In this review, I aim to discuss cancer genomics, the growing presence of scMO in oncology research, processing and interpretation of big multiomics data, and machine learning for scMO. Specifically, I highlight the pathology, causation, genomics and epigenomics of cancer, single-cell sequencing techniques and its role in oncology, the importance of multi-omics and the role of scMO in precision medicine. The latter half reviews current trends in single-cell oncology-based ML for superior detection and treatment, highlighting basic probabilistic and ML models used in multi-omics and future ML-based genomic medicine. Finally, I discuss an underrepresented challenge - the presence of big data in cancer as a result of the rapidly-improving single-cell omics technologies and the subsequent “curse of dimensionality”⁷, highlighting data- and algorithm-based solutions.

I. THE COMPLEXITY OF CANCER

The definition of cancer is often extended beyond that of a targeted disease - it is considered a complex biological system, governed by genetic alterations. Cancer shows highly heterogeneity, both in its phenotypic manifestation and its genome. Despite this variability, a set of genomic properties are common in cancers: (1) uncontrolled growth and division of cells in our body, (2) damage to DNA and the presence of alterations, deletions, rearrangements, and genetic dysregulation, and (3) temporal genetic and epigenetic changes, causing loss of control at the single-cell gene level⁸.

Tumor Progression

Studies have generated a so-called “cancer blueprint”⁹, showing how one alternatively -expressed cell can create a myriad of manifestations. The first manifestation is the pre-malignant lesion. An example is the autosomal dominant disease FAP (familial adenomatous polyposis; related to colon polyps.) The gene APC is an inhibitor of the WNT signalling pathway and cells without APC have unstoppable growth¹⁰. In practice, lesions often disappear¹¹; if not, the next stage of cancer presents as a primary tumor. The local malignant tumor, unlike lesions, rarely disappears and often reaches the next stage: a lethal tumor that may spread in the body, resist immune response/treatment, and cause invasion and metastatic disease - the two key drivers of cancer mortality¹².

Carcinogenic Mutations

High-throughput sequencing technologies have caused the identification of three genes shaping our understanding of the blueprint: oncogenes (e.g. growth factors or GF, GF receptors, signaling molecules, protein transcription regulators in nucleus¹³) which control cell growth and cell lethality, tumor suppressor genes which control DNA repair and growth¹⁴¹⁵, and most-interestingly, epigenetic modifiers such as enzymes regulating transcription or proteins for chromatin formation. 10% cancers are inherited in germline mutations with high penetrance (causing 40-90%< people inheriting the mutations to develop cancer/cancers¹⁶). Many such mutations were identified using bulk sequencing and are often oncogene or tumor suppressor mutations.

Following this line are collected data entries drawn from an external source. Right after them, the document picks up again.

lemma sets_lsh_miss:
  assumes "{f \<in> space F. f p = f q} \<in> sets F"
  shows "space (lsh_space F R L k) \<inter> lsh_miss R L k q p \<in> sets (lsh_space F R L k)"
  unfolding lsh_miss_eq_every_block_misses unfolding lsh_space_def lsh_index_def
  by (rule sets_PiM_every_block_misses[OF assms])

lemma prob_lsh_miss:
  assumes "prob_space F" and "{f \<in> space F. f p = f q} \<in> sets F"
  shows "measure (lsh_space F R L k) (space (lsh_space F R L k) \<inter> lsh_miss R L k q p)
           = (1 - measure F {f \<in> space F. f p = f q} ^ k) ^ (R * L)"
  unfolding lsh_miss_eq_every_block_misses unfolding lsh_space_def lsh_index_def
  by (rule prob_PiM_every_block_misses[OF assms])

lemma prob_lsh_miss_le:
  fixes P :: "'a::metric_space set" and F :: "('a \<Rightarrow> int) measure" and c p1 p2 :: real
  defines "n \<equiv> card P"
  defines "M \<equiv> lsh_space F (lsh_rounds c n) (lsh_L n p1 p2) (lsh_k n p2)"
  assumes F: "sensitive F r r2 p1 p2" and "finite P" and p: "p \<in> nbhd P q r"
  shows "measure M (space M \<inter> lsh_miss (lsh_rounds c n) (lsh_L n p1 p2) (lsh_k n p2) q p)
           \<le> real n powr (- c)"
proof -
  have F: "prob_space F" "0 < p2" "p2 < p1" "p1 < 1" "{f \<in> space F. f p = f q} \<in> sets F"
    "p1 \<le> measure F {f \<in> space F. f p = f q}"
    using F p unfolding sensitive_def by (auto simp: nbhd_def dist_commute)
  have "n \<ge> 1"
    using p \<open>finite P\<close> by (auto simp: n_def nbhd_def Suc_le_eq card_gt_0_iff)
  moreover have "measure F {f \<in> space F. f p = f q} \<le> 1"
    by (rule prob_space.prob_le_1[OF F(1)])
  ultimately show ?thesis
    unfolding M_def prob_lsh_miss[OF F(1,5)]
    using F(2-4,6) by (intro one_minus_power_lsh_k_le_powr) auto
qed

theorem lemma1:
  fixes P :: "'a::metric_space set" and F :: "('a \<Rightarrow> int) measure"
    and r eps r2 p1 p2 c :: real and q :: 'a
  assumes "finite P"
    and "r > 0" and "eps > 0" and "c > 0"
    and "sensitive F r r2 p1 p2"
    and "r2 \<le> r * (1 + eps)"
  shows "measure (lsh_space F (lsh_rounds c (card P)) (lsh_L (card P) p1 p2) (lsh_k (card P) p2))
           {h \<in> space (lsh_space F (lsh_rounds c (card P)) (lsh_L (card P) p1 p2) (lsh_k (card P) p2)).
              nbhd P q r \<subseteq> lsh_query P r (lsh_rounds c (card P)) (lsh_L (card P) p1 p2)
                                 (lsh_k (card P) p2) h q}
         \<ge> 1 - real (card P) powr (1 - c * ln (5/2))"
proof -
  define n where "n = card P"
  define M where "M = lsh_space F (lsh_rounds c n) (lsh_L n p1 p2) (lsh_k n p2)"
  define Miss where "Miss p = space M \<inter> lsh_miss (lsh_rounds c n) (lsh_L n p1 p2) (lsh_k n p2) q p" for p
  interpret M: prob_space M
    using assms(5) unfolding M_def lsh_space_def sensitive_def by (intro prob_space_PiM) auto
  have Miss_events: "Miss p \<in> M.events" for p
    using assms(5) unfolding Miss_def M_def sensitive_def by (intro sets_lsh_miss) auto
  have nbhd_finite: "finite (nbhd P q r)" and nbhd_card: "card (nbhd P q r) \<le> n"
    using assms(1) by (auto simp: nbhd_def n_def intro: card_mono)
  have "measure M (\<Union>p\<in>nbhd P q r. Miss p) \<le> (\<Sum>p\<in>nbhd P q r. measure M (Miss p))"
    using Miss_events by (intro M.finite_measure_subadditive_finite nbhd_finite) auto
  also have "\<dots> \<le> (\<Sum>p\<in>nbhd P q r. real n powr (- c))"
    unfolding Miss_def M_def n_def by (intro sum_mono prob_lsh_miss_le[OF assms(5,1)])
  also have "\<dots> = real (card (nbhd P q r)) * real n powr (- c)"
    by simp
  also have "\<dots> \<le> real n powr (1 - c * ln (5/2))"
    using nbhd_card assms(4) ln_five_halves_le_one by (intro mult_powr_neg_le_powr) auto
  finally have "1 - real n powr (1 - c * ln (5/2)) \<le> measure M (space M - (\<Union>p\<in>nbhd P q r. Miss p))"
    using M.prob_compl[OF sets.finite_UN[OF nbhd_finite Miss_events]] by simp
  moreover have "space M - (\<Union>p\<in>nbhd P q r. Miss p)
      = {h \<in> space M. nbhd P q r \<subseteq> lsh_query P r (lsh_rounds c n) (lsh_L n p1 p2) (lsh_k n p2) h q}"
    by (auto simp: Miss_def nbhd_subset_lsh_query_iff)
  ultimately show ?thesis by (simp add: M_def n_def)
qed

end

Tumor genome sequencing has revealed prevalent proteins affecting epigenetic regulation called chromatin remodeling factors (CRF). CRFs partake by changing DNA methylation, histone protein levels, or nucleosome position. The function of these complexes is unclear - yet, almost all cancers have one of more of these proteins frequently mutated¹⁷. The holistic study of often-unknown mutations like CRFs is important. One reason for this is the Knudson’s Two Hit Model (KTHM)¹⁸ - an early theoretical model used to explain a majority of cancers. KTHM states a lower bound of two mutations in cells to start tumor development. Therefore, markers of many forms of mutations must be measured to capture the holistic single-cell profile of a cancer cell.

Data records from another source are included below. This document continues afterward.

(* Let $d\ge1$ and let $a(t)=\sum_{n\ge0}a_nt^n=\frac{h_0(a)+\cdots+h_\lambda(a)t^\lambda}{(1-t)^d}$ be a rational formal power series with integer coefficients, $h_\lambda(a)\ne0$. If $h_i(a)\ge0$ for $0\le i\le\lambda$, then for every $0\le i\le\lfloor d/2\rfloor$, $g_i(a)\le g_i(a^{\langle d\rangle})\le g_i(a^{\langle d+1\rangle})\le g_i(a^{\langle d+2\rangle})\le\cdots$.
   Context: One sets $h_i(a)=0$ for $i>\lambda$. For an integer $r\ge1$, the $r$-th Veronese series is $a^{\langle r\rangle}(t)=\sum_{n\ge0}a_{nr}t^n$; it can again be written as $\frac{h_0(a^{\langle r\rangle})+\cdots+h_{\lambda'}(a^{\langle r\rangle})t^{\lambda'}}{(1-t)^d}$ with the same $d$ and polynomial numerator, with $h_i(a^{\langle r\rangle})=0$ beyond its degree. For any such series $b(t)$ the $g$-vector entries are $g_0(b)=h_0(b)$ and $g_i(b)=h_i(b)-h_{i-1}(b)$ for $i\ge1$. *)

theory Defs
  imports "HOL-Computational_Algebra.Computational_Algebra"
begin

definition veronese :: "nat \<Rightarrow> int fps \<Rightarrow> int fps" where
  "veronese r b = Abs_fps (\<lambda>n. b $ (n * r))"

text \<open>h-vector of a series b(t) = (h_0 + ... )/(1-t)^d: the numerator is (1-t)^d b(t),
  so h_i(b) is its i-th coefficient (automatically 0 beyond the degree).\<close>
definition hvec :: "nat \<Rightarrow> int fps \<Rightarrow> nat \<Rightarrow> int" where
  "hvec d b i = (b * (1 - fps_X) ^ d) $ i"

definition gvec :: "nat \<Rightarrow> int fps \<Rightarrow> nat \<Rightarrow> int" where
  "gvec d b i = (if i = 0 then hvec d b 0 else hvec d b i - hvec d b (i - 1))"

end

theory Submission
  imports Defs
begin

(*
  Write a(t)(1-t)^d = h(t) and G_r(t) = 1 + t + ... + t^(r-1), so that 1 - t^r = (1-t) G_r(t).
  Taking the r-th Veronese section commutes with multiplication by (1 - t^r)^d, hence
    h_i(a^<r>) = [t^(ir)] h(t) G_r(t)^d = sum_j h_j B_{r,d}(ir - j),
  where B_{r,d}(x), the coefficient of t^x in G_r^d, counts the ways to write x as a sum
  of d integers in [0,r).  Thus g_i(a^<r>) = sum_j h_j (B_{r,d}(ir - j) - B_{r,d}((i-1)r - j)),
  and since h_j >= 0 everything reduces to inequalities between these "jumps" of box
  coefficients.  The file first develops the box coefficients as iterated window sums of
  integer sequences, together with their symmetry and (strict) unimodality.  The key
  comparison of jumps for r and r+1 is proved by passing from G_r^d to G_(r+1)^d one factor
  at a time.  Finally the Veronese formula for h-vectors is established and the theorem
  follows by summing the termwise inequalities.
*)

section \<open>Window sums and box coefficients\<close>

definition conv :: "nat \<Rightarrow> (int \<Rightarrow> int) \<Rightarrow> int \<Rightarrow> int" where
  "conv s f x = (\<Sum>v<s. f (x - int v))"

definition delta :: "int \<Rightarrow> int" where
  "delta x = (if x = 0 then 1 else 0)"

Epigenomic Modification Of The Cancer Cell

The presence of unique cellular combinations of mutations is an important trait in cancer. Some of the least understood aspects of these combinations involve the epigenome. Mutations in epigenetic modifiers cause the reprogramming of gene expression. The epigenome is actively-changing in cancers - yet, it is one of the less-understood domains within single-cell genomics due to less reliable single cell sequencing. Technologies for scSeq of the epigenome are promising but still in their early stages; despite this, breakthroughs in oncology have been made through single-cell epigenomic data¹⁹.

Recent sc-Seq techniques have provided solutions for this problem and discovered a dramatic increase in the relevance of epigenetics in cancer cells. Many epigenomic changes are now known to be mutually dependent on other omic activity²⁰. For instance, promoter CpG island hypermethylation-based silencing of repair genes, may occur in a “loop”²¹: the silencing can cause genetic changes, and translocations and mutations can then cause epigenetic disruption - a great example of sophisticated epigenomic insights using multi-omics, in this case using epigenomic and transcriptomic profiles. Furthermore, the integration of epigenomic data in omic and multi-omic analysis has made us aware of the phenomena below.

Cancer lethality, resistance and metastasis: Epigenomic changes are a key form of adaptation and survival, which generates late-stage mutations and heterogeneity in cancer. In general, histone modifying enzyme mutations allow the cancer cell to show differential regulation, causing heightened adaptation in tumor cells to changing conditions like chemotherapy, and ultimately develop resistance and take on properties such as invasion and metastasis²². Most cancer cells have epigenetic mutations that modify proteins regulating transcriptomics.If a cancerous tumor were to stop at the formation of a local, primary malignant tumor, we can simply use surgery, radiotherapy or chemotherapy - forms of physical tumor removal. However, instead this becomes a rapidly-spreading cancer due to cancer epigenomics. The alterations of the epigenome allow the tumor to “hack” the genetic code, and eventually with mutations and evolutionary pressure, this causes resistance to genomic/cancer therapy, initiation or increase of metastasis.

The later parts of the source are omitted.